By Shaun Inguanzo
FROM dirty bottoms to tears from young eyes – Julie Hoadley’s wiped them all in Noble Park for the past 30 years.
And yet the 57-year-old coordinator of the Noble Park Community Child Care Service is still as determined to make a positive difference to young lives as the day she started her child care career in September 1977.
The landscape of childcare has changed during 30 years but Ms Hoadley’s passion for community child care remains.
She is an advocate for the not-for-profit structure that feeds any funds surplus back into the centre to benefit the children it cares for.
And Noble Park is a shining example of the community helping itself.
“I suppose I have a moral issue with regard to making a profit from children,” she said.
“I think Department of Education should offer it free for families rather than leaving it to the business world.
“We are not-for-profit so any surplus goes back into staff training or equipment for the children.”
Ms Hoadley migrated to Australia from Hertfordshire, England, in the early 1970s and immediately began working in childcare in Melbourne.
It was in 1977 that she moved to Noble Park and began her mammoth stint at the local community child care centre.
At that time, the centre was located in Noble Street, long before the idea of the Paddy O’Donoghue Centre was even conceived.
“Noble Park was quieter and smaller but at the same time the childcare centre was still busy,” Ms Hoadley said.
“It was also very multicultural.
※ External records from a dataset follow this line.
(* Let $G$ be a bounded-length, turn-based Dec-POMDP. Applying OBL with temperature $0$ to any constant policy $\pi_0(a\mid\tau^i)=f(a)$, or more generally to any policy $\pi_0$ that conditions only on the public state, yields an optimal grounded policy.
   Context: A Dec-POMDP $G$ has states $s$, actions $a$, per-player observation functions $\Omega^i(s)$ (observations $o^i_t$), transition function $\mathcal{T}$, and common reward $R(s,a)$; it is turn-based (only one player acts at each state) and reaches a terminal state after at most $t_{max}$ steps. The AOH of player $i$ at time $t$ is $\tau^i_t=(\Omega^i(s_1),a_1,\dots,a_{t-1},\Omega^i(s_t))$; policies map AOHs to action distributions. $V^{\pi}(\tau)$ is the expected future return when all players play $\pi$ from trajectory $\tau$. The belief induced by $\pi_0$ is $\mathcal{B}_{\pi_0}(\tau\mid\tau^i)=P(\tau\mid\tau^i,\pi_0)$, and $$Q^{\pi_0\to\pi_1}(a\mid\tau^i_t)=\sum_{\tau_t}\mathcal{B}_{\pi_0}(\tau_t\mid\tau^i_t)\Big[R(s_t,a)+\sum_{\tau_{t+1}}\mathcal{T}(\tau_{t+1}\mid\tau_t,a)V^{\pi_1}(\tau_{t+1})\Big].$$ OBL at temperature $0$ from $\pi_0$ produces a policy $\pi_1$ with $\pi_1(\tau^i)\in\arg\max_a Q^{\pi_0\to\pi_1}(a\mid\tau^i)$ at every AOH of an acting player. The grounded belief conditions only on observations, not on partner actions: $$\mathcal{B}_G(\tau\mid\tau^i)=\frac{P(\tau)\prod_t P(o^i_t\mid\tau)}{\sum_{\tau'}P(\tau')\prod_t P(o^i_t\mid\tau')}.$$ An optimal grounded policy $\pi_G$ plays, at each AOH $\tau^i$, an action maximizing expected return assuming the trajectory at $\tau^i$ is distributed according to $\mathcal{B}_G(\cdot\mid\tau^i)$ and that $\pi_G$ is played by all players thereafter.
   Formalization: The policy $\pi_0$ also gives every action positive probability at every AOH, $\pi_0(a\mid\tau^i)>0$ for all $\tau^i$ and a, so a constant policy $f(a)$ has $f(a)>0$ for every action a. The statement above fails without it. *)

theory Defs
  imports "HOL-Probability.Probability_Mass_Function"
begin

record ('s, 'a, 'o, 'p) decpomdp =
  dp_init     :: "'s pmf"
  dp_trans    :: "'s \<Rightarrow> 'a \<Rightarrow> 's pmf"
  dp_rew      :: "'s \<Rightarrow> 'a \<Rightarrow> real"
  dp_obs      :: "'p \<Rightarrow> 's \<Rightarrow> 'o"
  dp_actor    :: "'s \<Rightarrow> 'p"
  dp_terminal :: "'s \<Rightarrow> bool"

text \<open>A trajectory (s_1,a_1,...,a_{t-1},s_t) is represented as the list of past
  (state, action) pairs together with the current state.\<close>
type_synonym ('s, 'a) traj = "('s \<times> 'a) list \<times> 's"

type_synonym ('o, 'a) aoh = "('o \<times> 'a) list \<times> 'o"

type_synonym ('p, 'o, 'a) policy = "'p \<Rightarrow> ('o, 'a) aoh \<Rightarrow> 'a pmf"

definition aoh :: "('s,'a,'o,'p,'x) decpomdp_scheme \<Rightarrow> 'p \<Rightarrow> ('s,'a) traj \<Rightarrow> ('o,'a) aoh" where
  "aoh G i \<tau> = (map (\<lambda>(s,a). (dp_obs G i s, a)) (fst \<tau>), dp_obs G i (snd \<tau>))"

definition traj_states :: "('s,'a) traj \<Rightarrow> 's list" where
  "traj_states \<tau> = map fst (fst \<tau>) @ [snd \<tau>]"

definition traj_prefix :: "('s,'a) traj \<Rightarrow> nat \<Rightarrow> ('s,'a) traj" where
  "traj_prefix \<tau> k = (take k (fst \<tau>), traj_states \<tau> ! k)"

text \<open>Environment probability P(tau) of a trajectory for its given actions
  (initial state and transitions; play stops at terminal states).\<close>
definition penv :: "('s,'a,'o,'p,'x) decpomdp_scheme \<Rightarrow> ('s,'a) traj \<Rightarrow> real" where
  "penv G \<tau> =
     (if (\<forall>x\<in>set (fst \<tau>). \<not> dp_terminal G (fst x))
      then pmf (dp_init G) (hd (traj_states \<tau>)) *
           (\<Prod>k<length (fst \<tau>).
              pmf (dp_trans G (fst (fst \<tau> ! k)) (snd (fst \<tau> ! k))) (traj_states \<tau> ! Suc k))
      else 0)"

definition ppol :: "('s,'a,'o,'p,'x) decpomdp_scheme \<Rightarrow> ('p,'o,'a) policy \<Rightarrow> ('s,'a) traj \<Rightarrow> real" where
  "ppol G \<pi> \<tau> =
     (\<Prod>k<length (fst \<tau>).
        pmf (\<pi> (dp_actor G (fst (fst \<tau> ! k))) (aoh G (dp_actor G (fst (fst \<tau> ! k))) (traj_prefix \<tau> k)))
            (snd (fst \<tau> ! k)))"

definition trajs :: "nat \<Rightarrow> ('s,'a) traj set" where
  "trajs n = {\<tau>. length (fst \<tau>) = n}"

definition belief_pol ::
  "('s,'a,'o,'p,'x) decpomdp_scheme \<Rightarrow> ('p,'o,'a) policy \<Rightarrow> 'p \<Rightarrow> ('o,'a) aoh \<Rightarrow> ('s,'a) traj \<Rightarrow> real" where
  "belief_pol G \<pi>0 i h \<tau> =
     (if aoh G i \<tau> = h then penv G \<tau> * ppol G \<pi>0 \<tau> else 0) /
     (\<Sum>\<tau>'\<in>trajs (length (fst h)). if aoh G i \<tau>' = h then penv G \<tau>' * ppol G \<pi>0 \<tau>' else 0)"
Back then we had a lot of Yugoslavian people and a few Asians, too.”
Ms Hoadley takes great pride in knowing that she and her staff play vital roles in a child’s future development.
And while the proof of her excellent work can take some years to see, Ms Hoadley has been at Noble Park long enough to see some of her former clients – now friends – fall pregnant and have their own children.
“(The early years) are very critical, it is so important to a child’s development,” she said.
“More and more research is showing that brain development at an early stage is very important.
“I suppose some highlights of this job are seeing children come back here for work experience or who are parents themselves and saying what a good experience they had.
“It makes you feel really good about what you do.”
Ms Hoadley said one of the biggest changes to childcare during her 30 years in the industry was the move to a nationally accredited system that has set standards for all centres to meet.
If a centre meets the minimum standards, parents can apply for government subsidies on fees.
“Meeting the standards is a very long and detailed process, it has you looking at policy and procedures and, of course, making sure the children are looked after well,” Ms Hoadley said.
And having her own child has enabled the 57-year-old to see what every parent goes through.
“It’s very different bringing up your own children,” she said.
“You are emotionally involved and don’t always see things clearly, that is you are not as objective.
“I think I knew that because I could see it from families who send their children here.
“But it’s only a reality when it comes to you.”
To celebrate her milestone achievement, Ms Hoadley said centre staff threw a surprise party for her on 28 September.
“There were people there I hadn’t seen for years who I had worked with in the beginning, there were families who have been through the centre with all their children…I was so surprised.”